Ask HN: What are the implications of being a consultant? - putnam
======
sammoorhouse
I’ve made a bunch of assumptions about what you mean; I guess you asked a
broad question so you’d get a wide range of answers :)

I’m a software engineer by trade but now I teach others how to write code.
When I’m not doing that I work with clients to write teaching material for the
products they own, and I run a non-profit in my spare time. I hate the phrase
“digital nomad” but I’m writing this from a co-working space in Morocco, so
the shoe fits. Here’s a brain dump:

* There’s an expectation that when you start a project you’ll be able to hit the ground running; clients don’t want to pay for you to ramp up to become productive.
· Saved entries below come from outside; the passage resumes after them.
(* Let $\varphi\colon G\twoheadrightarrow Q$ be an epimorphism from a finitely generated group $G$ to a group $Q$, and let $\varphi^*\colon H^1(Q,\mathbb{Q})\hookrightarrow H^1(G,\mathbb{Q})$ be the induced monomorphism. Then for each $r\ge1$ the induced map $\varphi^*_r\colon\operatorname{Grass}_r(H^1(Q,\mathbb{Q}))\hookrightarrow\operatorname{Grass}_r(H^1(G,\mathbb{Q}))$ maps $\operatorname{Grass}_r(H^1(Q,\mathbb{Q}))\setminus\Omega^1_r(Q)$ into $\operatorname{Grass}_r(H^1(G,\mathbb{Q}))\setminus\Omega^1_r(G)$.
   Context: For a finitely generated group $H$ and an epimorphism $\nu\colon H\twoheadrightarrow\mathbb{Z}^r$, let $P_\nu=\operatorname{im}(\nu^*\colon\mathbb{Q}^r\to H^1(H,\mathbb{Q}))$; every rational $r$-plane in $H^1(H,\mathbb{Q})$ is of this form. The Dwyer–Fried sets of $H$ are $\Omega^i_r(H)=\{P_\nu\in\operatorname{Grass}_r(H^1(H,\mathbb{Q}))\mid b_j(\ker\nu)<\infty\ \text{for all } j\le i\}$, where $b_j$ denotes the $j$-th rational Betti number of the group (equivalently of the $\mathbb{Z}^r$-cover of $K(H,1)$ determined by $\nu$); by convention this is empty if $r>b_1(H)$. *)

theory Defs
  imports "HOL-Algebra.Algebra"
begin

definition add_grp :: "('b::comm_monoid_add) monoid" where
  "add_grp = \<lparr>carrier = UNIV, monoid.mult = (+), one = 0\<rparr>"

definition fin_gen_group :: "('a, 'c) monoid_scheme \<Rightarrow> bool" where
  "fin_gen_group G \<longleftrightarrow> group G \<and> (\<exists>S. finite S \<and> S \<subseteq> carrier G \<and> generate G S = carrier G)"

text \<open>H^1(G,Q) = Hom(G,(Q,+)), homomorphisms represented as extensional functions on carrier G.\<close>
definition H1 :: "('a, 'c) monoid_scheme \<Rightarrow> ('a \<Rightarrow> rat) set" where
  "H1 G = hom G (add_grp :: rat monoid) \<inter> extensional (carrier G)"

definition qspan :: "('a, 'c) monoid_scheme \<Rightarrow> nat \<Rightarrow> (nat \<Rightarrow> 'a \<Rightarrow> rat) \<Rightarrow> ('a \<Rightarrow> rat) set" where
  "qspan G r f = {restrict (\<lambda>x. \<Sum>i<r. c i * f i x) (carrier G) | c. True}"

definition qlin_indep :: "('a, 'c) monoid_scheme \<Rightarrow> nat \<Rightarrow> (nat \<Rightarrow> 'a \<Rightarrow> rat) \<Rightarrow> bool" where
  "qlin_indep G r f \<longleftrightarrow>
     (\<forall>c. (\<forall>x\<in>carrier G. (\<Sum>i<r. c i * f i x) = 0) \<longrightarrow> (\<forall>i<r. c i = 0))"

definition Grass :: "nat \<Rightarrow> ('a, 'c) monoid_scheme \<Rightarrow> ('a \<Rightarrow> rat) set set" where
  "Grass r G = {P. \<exists>f. (\<forall>i<r. f i \<in> H1 G) \<and> qlin_indep G r f \<and> P = qspan G r f}"

text \<open>An epimorphism nu : G -> Z^r, given by its r coordinate homomorphisms nu 0, ..., nu (r-1).\<close>
definition epi_Zr :: "('a, 'c) monoid_scheme \<Rightarrow> nat \<Rightarrow> (nat \<Rightarrow> 'a \<Rightarrow> int) \<Rightarrow> bool" where
  "epi_Zr G r \<nu> \<longleftrightarrow> (\<forall>i<r. \<nu> i \<in> hom G (add_grp :: int monoid)) \<and>
     (\<forall>z::nat \<Rightarrow> int. \<exists>g\<in>carrier G. \<forall>i<r. \<nu> i g = z i)"

definition ker_Zr :: "('a, 'c) monoid_scheme \<Rightarrow> nat \<Rightarrow> (nat \<Rightarrow> 'a \<Rightarrow> int) \<Rightarrow> 'a set" where
  "ker_Zr G r \<nu> = {g \<in> carrier G. \<forall>i<r. \<nu> i g = 0}"

text \<open>P_nu = image of nu^* : Q^r -> H^1(G,Q), i.e. the rational span of the coordinates of nu.\<close>
definition P_nu :: "('a, 'c) monoid_scheme \<Rightarrow> nat \<Rightarrow> (nat \<Rightarrow> 'a \<Rightarrow> int) \<Rightarrow> ('a \<Rightarrow> rat) set" where
  "P_nu G r \<nu> = qspan G r (\<lambda>i x. of_int (\<nu> i x))"

text \<open>b_1(K) < infinity for a subgroup K of G: H_1(K;Q) = K_ab \<otimes> Q is finite-dimensional,
  i.e. finitely many elements of K span K_ab \<otimes> Q: every k in K has a positive power
  in the subgroup generated by S and the commutator subgroup [K,K].\<close>
definition b1_finite :: "('a, 'c) monoid_scheme \<Rightarrow> 'a set \<Rightarrow> bool" where
  "b1_finite G K \<longleftrightarrow> (\<exists>S. finite S \<and> S \<subseteq> K \<and>
     (\<forall>k\<in>K. \<exists>m::nat. m > 0 \<and> k [^]\<^bsub>G\<^esub> m \<in> generate G (S \<union> derived G K)))"

text \<open>Omega^1_r(G). (b_0 of a group is always 1, hence only b_1 needs to be finite.)\<close>
definition Omega1 :: "nat \<Rightarrow> ('a, 'c) monoid_scheme \<Rightarrow> ('a \<Rightarrow> rat) set set" where
  "Omega1 r G = {P \<in> Grass r G. \<exists>\<nu>. epi_Zr G r \<nu> \<and> P = P_nu G r \<nu> \<and> b1_finite G (ker_Zr G r \<nu>)}"

definition pullback :: "('a, 'c) monoid_scheme \<Rightarrow> ('a \<Rightarrow> 'b) \<Rightarrow> ('b \<Rightarrow> rat) \<Rightarrow> ('a \<Rightarrow> rat)" where
  "pullback G \<phi> f = restrict (f \<circ> \<phi>) (carrier G)"

definition pullback_Grass :: "('a, 'c) monoid_scheme \<Rightarrow> ('a \<Rightarrow> 'b) \<Rightarrow> ('b \<Rightarrow> rat) set \<Rightarrow> ('a \<Rightarrow> rat) set" where
  "pullback_Grass G \<phi> P = pullback G \<phi> ` P"

end

theory Submission
  imports Defs
begin

text \<open>Pulling back along the epimorphism \<open>\<phi>\<close> is injective and maps rational spans to rational
  spans, so it embeds the Grassmannians. If the pulled-back plane were \<open>P\<^sub>\<nu>\<close> with
  \<open>b\<^sub>1(ker \<nu>) < \<infinity>\<close>, then every coordinate of \<open>\<nu>\<close> is a pulled-back rational function and hence
  constant on the fibres of \<open>\<phi>\<close>; so \<open>\<nu>\<close> descends to an epimorphism \<open>\<nu>'\<close> on \<open>Q\<close> with
  \<open>P = P\<^sub>\<nu>\<^sub>'\<close> and \<open>ker \<nu>' = \<phi>(ker \<nu>)\<close>. Finiteness of \<open>b\<^sub>1\<close> passes to homomorphic images, so
  \<open>P \<in> \<Omega>\<^sup>1\<^sub>r(Q)\<close>.\<close>

lemma qspan_cong:
  assumes "\<And>i x. i < r \<Longrightarrow> x \<in> carrier G \<Longrightarrow> f i x = g i x"
  shows "qspan G r f = qspan G r g"
proof -
  have "restrict (\<lambda>x. \<Sum>i<r. c i * f i x) (carrier G) = restrict (\<lambda>x. \<Sum>i<r. c i * g i x) (carrier G)"
    for c
    using assms by (intro restrict_ext sum.cong) auto
  thus ?thesis unfolding qspan_def by auto
qed

lemma qspan_subset_extensional: "qspan G r f \<subseteq> extensional (carrier G)"
  unfolding qspan_def by auto

lemma coordinate_in_qspan:
  assumes "i < r"
  shows "restrict (f i) (carrier G) \<in> qspan G r f"
proof -
  have "(\<Sum>j<r. (if j = i then 1 else 0) * f j x) = f i x" for x
    using assms by (simp add: if_distrib[of "\<lambda>a. a * _"] cong: if_cong)
  thus ?thesis unfolding qspan_def by (intro CollectI exI[of _ "\<lambda>j. if j = i then 1 else 0"]) auto
qed

lemma pullback_Grass_qspan:
  assumes "\<phi> \<in> carrier G \<rightarrow> carrier Q"
  shows "pullback_Grass G \<phi> (qspan Q r f) = qspan G r (\<lambda>i. pullback G \<phi> (f i))"
proof -
  have "pullback G \<phi> (restrict (\<lambda>y. \<Sum>i<r. c i * f i y) (carrier Q))
      = restrict (\<lambda>x. \<Sum>i<r. c i * pullback G \<phi> (f i) x) (carrier G)" for c
    using assms unfolding pullback_def by (intro restrict_ext) (auto simp: Pi_iff)
  thus ?thesis unfolding pullback_Grass_def qspan_def by (auto simp: image_def)
qed

lemma pullback_inj_on_extensional:
  assumes "\<phi> ` carrier G = carrier Q"
  shows "inj_on (pullback G \<phi>) (extensional (carrier Q))"
proof (rule inj_onI, rule extensionalityI)
  fix f g y
  assume "f \<in> extensional (carrier Q)" "g \<in> extensional (carrier Q)"
    and eq: "pullback G \<phi> f = pullback G \<phi> g" and "y \<in> carrier Q"
  then obtain x where "x \<in> carrier G" "y = \<phi> x" using assms by auto
  with fun_cong[OF eq, of x] show "f y = g y" unfolding pullback_def by simp
qed

lemma pullback_Grass_qspan_inj:
  assumes "\<phi> ` carrier G = carrier Q"
    and "pullback_Grass G \<phi> (qspan Q r f) = pullback_Grass G \<phi> (qspan Q s g)"
  shows "qspan Q r f = qspan Q s g"
  using assms(2) unfolding pullback_Grass_def
  by (simp add: inj_on_image_eq_iff[OF pullback_inj_on_extensional[OF assms(1)]]
      qspan_subset_extensional)

lemma pullback_in_H1:
  assumes "group G" "\<phi> \<in> hom G Q" "f \<in> H1 Q"
  shows "pullback G \<phi> f \<in> H1 G"
  using assms monoid.m_closed[OF group.is_monoid[OF assms(1)]]
  unfolding H1_def pullback_def hom_def add_grp_def by (auto simp: Pi_iff)

lemma qlin_indep_pullback:
  assumes "\<phi> ` carrier G = carrier Q" "qlin_indep Q r f"
  shows "qlin_indep G r (\<lambda>i. pullback G \<phi> (f i))"
  unfolding qlin_indep_def
proof (rule allI, rule impI)
  fix c assume vanish: "\<forall>x\<in>carrier G. (\<Sum>i<r. c i * pullback G \<phi> (f i) x) = 0"
  have "(\<Sum>i<r. c i * f i y) = 0" if "y \<in> carrier Q" for y
  proof -
    obtain x where "x \<in> carrier G" "y = \<phi> x" using assms(1) \<open>y \<in> carrier Q\<close> by auto
    thus ?thesis using vanish unfolding pullback_def by simp
  qed
  thus "\<forall>i<r. c i = 0" using assms(2) unfolding qlin_indep_def by blast
qed

lemma pullback_Grass_in_Grass:
  assumes "group G" "\<phi> \<in> hom G Q" "\<phi> ` carrier G = carrier Q" "P \<in> Grass r Q"
  shows "pullback_Grass G \<phi> P \<in> Grass r G"
proof -
  obtain f where f: "\<forall>i<r. f i \<in> H1 Q" "qlin_indep Q r f" "P = qspan Q r f"
    using assms(4) unfolding Grass_def by auto
  have "pullback_Grass G \<phi> P = qspan G r (\<lambda>i. pullback G \<phi> (f i))"
    using f(3) assms(2) pullback_Grass_qspan[of \<phi> G Q] unfolding hom_def by simp
  moreover have "\<forall>i<r. pullback G \<phi> (f i) \<in> H1 G"
    using f(1) pullback_in_H1[OF assms(1,2)] by blast
  ultimately show ?thesis
    using qlin_indep_pullback[OF assms(3) f(2)] unfolding Grass_def by auto
qed

lemma inv_into_fibre_constant:
  assumes "\<And>x1 x2. x1 \<in> A \<Longrightarrow> x2 \<in> A \<Longrightarrow> \<phi> x1 = \<phi> x2 \<Longrightarrow> h x1 = h x2" "x \<in> A"
  shows "h (inv_into A \<phi> (\<phi> x)) = h x"
proof (rule assms(1))
  show "inv_into A \<phi> (\<phi> x) \<in> A" "\<phi> (inv_into A \<phi> (\<phi> x)) = \<phi> x"
    using assms(2) by (auto intro: inv_into_into f_inv_into_f)
qed fact

lemma hom_descends:
  assumes "\<phi> \<in> hom G Q" "\<phi> ` carrier G = carrier Q" "group G" "h \<in> hom G H"
    and "\<And>x1 x2. x1 \<in> carrier G \<Longrightarrow> x2 \<in> carrier G \<Longrightarrow> \<phi> x1 = \<phi> x2 \<Longrightarrow> h x1 = h x2"
  shows "(\<lambda>y. h (inv_into (carrier G) \<phi> y)) \<in> hom Q H"
  unfolding hom_def
proof (intro CollectI conjI ballI)
  show "(\<lambda>y. h (inv_into (carrier G) \<phi> y)) \<in> carrier Q \<rightarrow> carrier H"
    using assms(2,4) inv_into_into[of _ \<phi> "carrier G"] unfolding hom_def by auto
  fix a b assume "a \<in> carrier Q" "b \<in> carrier Q"
  then obtain x y where xy: "x \<in> carrier G" "y \<in> carrier G" "a = \<phi> x" "b = \<phi> y"
    using assms(2) by blast
  have descends: "h (inv_into (carrier G) \<phi> (\<phi> z)) = h z" if "z \<in> carrier G" for z
    using inv_into_fibre_constant[of "carrier G" \<phi> h] assms(5) that by blast
  have "a \<otimes>\<^bsub>Q\<^esub> b = \<phi> (x \<otimes>\<^bsub>G\<^esub> y)" "x \<otimes>\<^bsub>G\<^esub> y \<in> carrier G"
    using xy assms(1,3) by (auto simp: hom_mult group.is_monoid monoid.m_closed)
  with xy assms(4) descends show "h (inv_into (carrier G) \<phi> (a \<otimes>\<^bsub>Q\<^esub> b))
      = h (inv_into (carrier G) \<phi> a) \<otimes>\<^bsub>H\<^esub> h (inv_into (carrier G) \<phi> b)"
    by (simp add: hom_mult)
qed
Luckily, starting a new job is something you get better at with practice; you learn how to phrase the dumb new-guy questions and abstract just enough that you’re competent quickly. Part of this is showmanship.

* That said, you’re a subject matter expert in your field.

* Perhaps you’re able to work off-site, in which case you’ll need better time-management skills than you might need at a traditional desk-bound job in your field. Perhaps you travel a lot for work or otherwise.

* Unless you’ve got a solid client-base you might find yourself hustling for work. Certainly your client-management and self-marketing skills will be better than someone who changes jobs once every three or four years.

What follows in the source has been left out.